2) French’s ex-husband irl is Lenny Henry, of “Chef!” fame. Gareth is basically the same character as the chef in this show, which is obliquely referenced in “Delicious” by a cameo of sorts from Caroline Lee-Johnson, who plays Gareth’s wife on “Chef!” What does it all mean?
/digression
But as with “The Other One,” the show is baseline about A Man being at the center of events. Which, ugh. Let me be clear: I am not pro-Bechdel-test. If this were about women thinking and talking about men, then fair enough! But both shows are about not one but two women hung up on a shared deceased lover/spouse. It’s not the odd conversation about the dude in question but everything. Whose fantasy, then, is this? Presumably a male one—to be so compelling that even in death, the two women you were simultaneously involved with have lives that revolve around you. But are men watching these shows? Or—and this is pathetic so I hope not—is it just that there are enough women for whom adoration of a cad is heterosexuality? Or maybe it’s not a fantasy at all, and is simply something women of the demographic clicking on these shows relate to, which, I don’t know.

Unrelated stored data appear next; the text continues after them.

(* Every finite projective plane (of any order $n\ge 2$) admits a legitimate coloring with $42$ colors.
   Context: For a coloring $f:P\to\{1,\dots,\mathsf d\}$ of the points of a projective plane $P_n=(P,L)$, the type of a line $\ell$ is $(|\ell\cap f^{-1}(1)|,\dots,|\ell\cap f^{-1}(\mathsf d)|)$. The coloring is legitimate if all lines have pairwise distinct types. *)

theory Defs
  imports Main
begin

definition projective_plane :: "'a set \<Rightarrow> 'a set set \<Rightarrow> bool" where
  "projective_plane P L \<longleftrightarrow>
     (\<forall>l\<in>L. l \<subseteq> P) \<and>
     (\<forall>p\<in>P. \<forall>q\<in>P. p \<noteq> q \<longrightarrow> (\<exists>!l. l \<in> L \<and> p \<in> l \<and> q \<in> l)) \<and>
     (\<forall>l\<in>L. \<forall>m\<in>L. l \<noteq> m \<longrightarrow> (\<exists>!p. p \<in> P \<and> p \<in> l \<and> p \<in> m)) \<and>
     (\<exists>Q. Q \<subseteq> P \<and> card Q = 4 \<and>
        (\<forall>l\<in>L. card (Q \<inter> l) \<le> 2))"

definition pp_order :: "'a set set \<Rightarrow> nat" where
  "pp_order L = card (SOME l. l \<in> L) - 1"

definition line_type :: "nat \<Rightarrow> ('a \<Rightarrow> nat) \<Rightarrow> 'a set \<Rightarrow> nat list" where
  "line_type d f l = map (\<lambda>i. card (l \<inter> f -` {i})) [1..<d+1]"

definition legitimate_coloring :: "'a set \<Rightarrow> 'a set set \<Rightarrow> nat \<Rightarrow> ('a \<Rightarrow> nat) \<Rightarrow> bool" where
  "legitimate_coloring P L d f \<longleftrightarrow>
     (\<forall>p\<in>P. f p \<in> {1..d}) \<and> inj_on (line_type d f) L"

end

theory Submission
  imports Defs "HOL-Library.FuncSet"
begin

text \<open>Fix a point \<open>Z\<close> and split the \<open>n + 1\<close> lines through \<open>Z\<close> into a set \<open>A\<close> of
  \<open>(n + 1) div 2\<close> lines and the remaining set \<open>B\<close>. The point \<open>Z\<close> gets colour 33; every other point
  lies on exactly one line through \<open>Z\<close> and gets a colour in 1..16 if that line is in \<open>A\<close> and in
  17..32 otherwise, the offset within the block recording its membership in four subsets
  \<open>S\<^sub>0, ..., S\<^sub>3\<close> of \<open>P - {Z}\<close>.

  If two lines have the same type, then both contain \<open>Z\<close> or both miss it, and every \<open>S\<^sub>j\<close> is
  balanced on them: it meets the two lines minus their common point in equally many points of each
  block. A uniformly random subset is balanced on two disjoint \<open>k\<close>-sets with probability
  \<open>binom(2k, k) / 4\<^sup>k \<le> 1 / sqrt(3k + 1)\<close>. So all four subsets are balanced on a given pair of
  lines through \<open>Z\<close> with probability at most \<open>1 / (3 (n + 1)\<^sup>2)\<close>, and on a pair of lines missing
  \<open>Z\<close>, whose blocks have sizes differing by at most 2, with probability at most \<open>1 / (2 n\<^sup>4)\<close>.
  There are at most \<open>(n + 1)\<^sup>2\<close> respectively \<open>n\<^sup>4\<close> such ordered pairs, so the bad events have total
  probability at most \<open>1/3 + 1/2 < 1\<close>.\<close>

definition balanced_subsets :: "'a set \<Rightarrow> 'a set \<Rightarrow> 'a set \<Rightarrow> 'a set \<Rightarrow> 'a set \<Rightarrow> 'a set set" where
  "balanced_subsets X U V U' V' =
     {S. S \<subseteq> X \<and> card (S \<inter> U) = card (S \<inter> V) \<and> card (S \<inter> U') = card (S \<inter> V')}"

The stranger element, is-it-a-fantasy-wise, is the shared quasi-incest subplot. “Delicious” does this in the form of a liaison between Dawn French’s character’s daughter and her barely-younger half-brother, a Jesse Eisenberg-looking “17-year-old” when the show starts, who of course looks like and I’m guessing is played by a muscular 30-year-old (but, again not my type). Why do they become lovers? Why does anyone on this show, apart from because they’ve been in a scene together and that’s the kind of show it is. It turns out—spoiler alert?—she’s actually the biological daughter of a man the Dawn French one had an affair with, so it wasn’t incest-incest after all, but if they thought it was when they embarked on it, does it matter? Is this taboo of particular interest to the British viewing public? (See also: the first “Midsomer.”) Or, per Dan Savage, maybe it’s just A Thing. Not one I get, but then again, I’m an only child, no strapping brother-from-another-mother to the best of my knowledge. (I’m quite sure I share no DNA with Steve Pemberton.)

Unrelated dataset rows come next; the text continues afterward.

lemma set_integrable_weighted:
  assumes H: "H1_dirichlet_right \<delta> v g"
  shows "set_integrable lborel {0..\<delta>} (\<lambda>\<tau>. (v \<tau>)\<^sup>2 * wgt h \<tau>)"
    and "set_integrable lborel {0..\<delta>} (\<lambda>\<tau>. (g \<tau>)\<^sup>2 * wgt h \<tau>)"
    and "set_integrable lborel {0..\<delta>} (\<lambda>\<tau>. eff_potential b h l \<tau> * (v \<tau>)\<^sup>2 * wgt h \<tau>)"
proof -
  note v = H1_dirichlet_right_continuous_on[OF H]
  have w: "continuous_on {0..\<delta>} (wgt h)"
    unfolding wgt_def by (intro continuous_intros)
  show "set_integrable lborel {0..\<delta>} (\<lambda>\<tau>. (v \<tau>)\<^sup>2 * wgt h \<tau>)"
    by (intro borel_integrable_atLeastAtMost' continuous_intros v w)
  show "set_integrable lborel {0..\<delta>} (\<lambda>\<tau>. eff_potential b h l \<tau> * (v \<tau>)\<^sup>2 * wgt h \<tau>)"
    unfolding eff_potential_def
    by (intro borel_integrable_atLeastAtMost' continuous_intros v w) (use wgt_pos in force)
  have [measurable]: "g \<in> borel_measurable lborel"
    using H by (simp add: H1_dirichlet_right_def)
  show "set_integrable lborel {0..\<delta>} (\<lambda>\<tau>. (g \<tau>)\<^sup>2 * wgt h \<tau>)"
  proof (rule set_integrable_bound)
    show "set_integrable lborel {0..\<delta>} (\<lambda>\<tau>. (g \<tau>)\<^sup>2)"
      using H by (simp add: H1_dirichlet_right_def)
    show "set_borel_measurable lborel {0..\<delta>} (\<lambda>\<tau>. (g \<tau>)\<^sup>2 * wgt h \<tau>)"
      unfolding set_borel_measurable_def wgt_def by measurable
    show "AE \<tau> in lborel. \<tau> \<in> {0..\<delta>} \<longrightarrow> norm ((g \<tau>)\<^sup>2 * wgt h \<tau>) \<le> norm ((g \<tau>)\<^sup>2)"
    proof (intro AE_I2 impI)
      fix \<tau> assume "\<tau> \<in> {0..\<delta>}"
      then have "0 < wgt h \<tau>" "wgt h \<tau> \<le> 1"
        using wgt_pos wgt_bounds(2)[OF h(1)] by auto
      then show "norm ((g \<tau>)\<^sup>2 * wgt h \<tau>) \<le> norm ((g \<tau>)\<^sup>2)"
        by (simp add: abs_mult mult_left_le)
    qed
  qed
qed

The daughter character on “Delicious” is like if Daria were a chainsmoker (of various substances) with an unspecified eating disorder. She’s allergic to water which I have googled and does in fact exist. She’s a tough bad girl but also an injured bird. She’s fragile, which is indicated by her pitiful lack of body fat. She is, in other words, some sort of pro-ana fantasy, which probably is up there with ‘sexy half-brother’ in fantasies an algorithm might have told a TV show to showcase.

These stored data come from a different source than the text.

section \<open>Factorization of positive semidefinite matrices\<close>

lemma quad_form_on_insert:
  assumes "finite J" "a \<notin> J"
  shows "quad_form_on (insert a J) A v = cnj (v a) * A a a * v a + cnj (v a) * (\<Sum>k\<in>J. A a k * v k)
     + (\<Sum>i\<in>J. cnj (v i) * A i a) * v a + quad_form_on J A v"
proof -
  have "quad_form_on (insert a J) A v = (\<Sum>k\<in>insert a J. cnj (v a) * A a k * v k)
      + (\<Sum>i\<in>J. cnj (v i) * A i a * v a) + quad_form_on J A v"
    using assms by (simp add: quad_form_on_def sum.distrib)
  then show ?thesis
    using assms by (simp add: sum_distrib_left sum_distrib_right mult.assoc)
qed

lemma quad_form_on_two_point:
  assumes "finite I" "a \<in> I" "b \<in> I" "a \<noteq> b"
  shows "quad_form_on I A (\<lambda>i. if i = a then s else if i = b then t else 0) =
    cnj s * A a a * s + cnj s * A a b * t + cnj t * A b a * s + cnj t * A b b * t"
proof -
  let ?v = "\<lambda>i. if i = a then s else if i = b then t else 0"
  have inner: "(\<Sum>k\<in>I. cnj (?v i) * A i k * ?v k) = (\<Sum>k\<in>{a, b}. cnj (?v i) * A i k * ?v k)" for i
    by (rule sum.mono_neutral_right) (use assms in auto)
  have "quad_form_on I A ?v = (\<Sum>i\<in>{a, b}. \<Sum>k\<in>{a, b}. cnj (?v i) * A i k * ?v k)"
    unfolding quad_form_on_def inner by (rule sum.mono_neutral_right) (use assms in auto)
  then show ?thesis using assms by (simp add: algebra_simps)
qed

lemma psd_on_subset:
  assumes "psd_on I A" "J \<subseteq> I" "finite I"
  shows "psd_on J A"
  unfolding psd_on_iff_quad_form
proof
  fix v :: "_ \<Rightarrow> complex"
  let ?u = "\<lambda>i. if i \<in> J then v i else 0"
  have inner: "(\<Sum>k\<in>I. cnj (?u i) * A i k * ?u k) = (\<Sum>k\<in>J. cnj (?u i) * A i k * ?u k)" for i
    by (rule sum.mono_neutral_right) (use assms(2,3) in auto)
  have "quad_form_on I A ?u = (\<Sum>i\<in>J. \<Sum>k\<in>J. cnj (?u i) * A i k * ?u k)"
    unfolding quad_form_on_def inner by (rule sum.mono_neutral_right) (use assms(2,3) in auto)
  also have "\<dots> = quad_form_on J A v"
    unfolding quad_form_on_def by (intro sum.cong) auto
  finally show "0 \<le> Re (quad_form_on J A v)"
    using assms(1) by (metis psd_on_iff_quad_form)
qed

lemma psd_on_diag_nonneg:
  assumes "psd_on I A" "finite I" "a \<in> I"
  shows "0 \<le> Re (A a a)"
proof -
  have "psd_on {a} A"
    using psd_on_subset[OF assms(1) _ assms(2)] assms(3) by blast
  then have "0 \<le> Re (quad_form_on {a} A (\<lambda>_. 1))"
    unfolding psd_on_iff_quad_form by blast
  then show ?thesis
    by (simp add: quad_form_on_def)
qed

lemma eq_0_if_linear_form_bounded_below:
  fixes z :: complex and c :: real
  assumes "\<And>s. 0 \<le> Re (cnj s * z + cnj z * s) + c"
  shows "z = 0"
proof (rule ccontr)
  assume "z \<noteq> 0"
  then have pos: "(cmod z)\<^sup>2 > 0" by simp
  have sq: "(cmod z)\<^sup>2 = Re z * Re z + Im z * Im z"
    using cmod_power2[of z] by (simp add: power2_eq_square)
  define t where "t = - (\<bar>c\<bar> + 1) / (2 * (cmod z)\<^sup>2)"
  have "Re (cnj (of_real t * z) * z + cnj z * (of_real t * z)) = 2 * t * (cmod z)\<^sup>2"
    unfolding sq by (simp add: algebra_simps)
  also have "\<dots> = - (\<bar>c\<bar> + 1)"
    using pos by (simp add: t_def field_simps)
  finally show False
    using assms[of "of_real t * z"] by linarith
qed

lemma psd_on_row_zero:
  assumes "hermitian_on I A" "psd_on I A" "finite I" "a \<in> I" "k \<in> I" "A a a = 0"
  shows "A a k = 0"
proof (cases "k = a")
  case False
  have sym: "A k a = cnj (A a k)"
    using assms(1,4,5) unfolding hermitian_on_def by blast
  show ?thesis
  proof (rule eq_0_if_linear_form_bounded_below[where c = "Re (A k k)"])
    fix s
    have "0 \<le> Re (quad_form_on I A (\<lambda>i. if i = a then s else if i = k then 1 else 0))"
      using assms(2) psd_on_iff_quad_form by blast
    also have "quad_form_on I A (\<lambda>i. if i = a then s else if i = k then 1 else 0)
        = cnj s * A a k + cnj (A a k) * s + A k k"
      unfolding quad_form_on_two_point[OF assms(3,4,5) False[symmetric]] sym assms(6) by simp
    finally show "0 \<le> Re (cnj s * A a k + cnj (A a k) * s) + Re (A k k)"
      by simp
  qed
qed (use assms(6) in simp)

What else happens? Black characters have reliably supporting roles on these shows, a trope that I guess British shows have not yet decided is problematic (and that by definition isn’t ever an issue on, say, the more recent, more diverse “Midsomer Murders,” where all characters get equal billing), but which is, if nothing else, cringe. Black women: therapists, caregivers. Black men: eye-candy love interests. But still, better than the shows being all-white? I guess. I do not have the sustained awakeness level needed for awokeness analysis. These shows are good for one thing, which is to have on in the background, at low volume, with subtitles on, while nursing a newborn.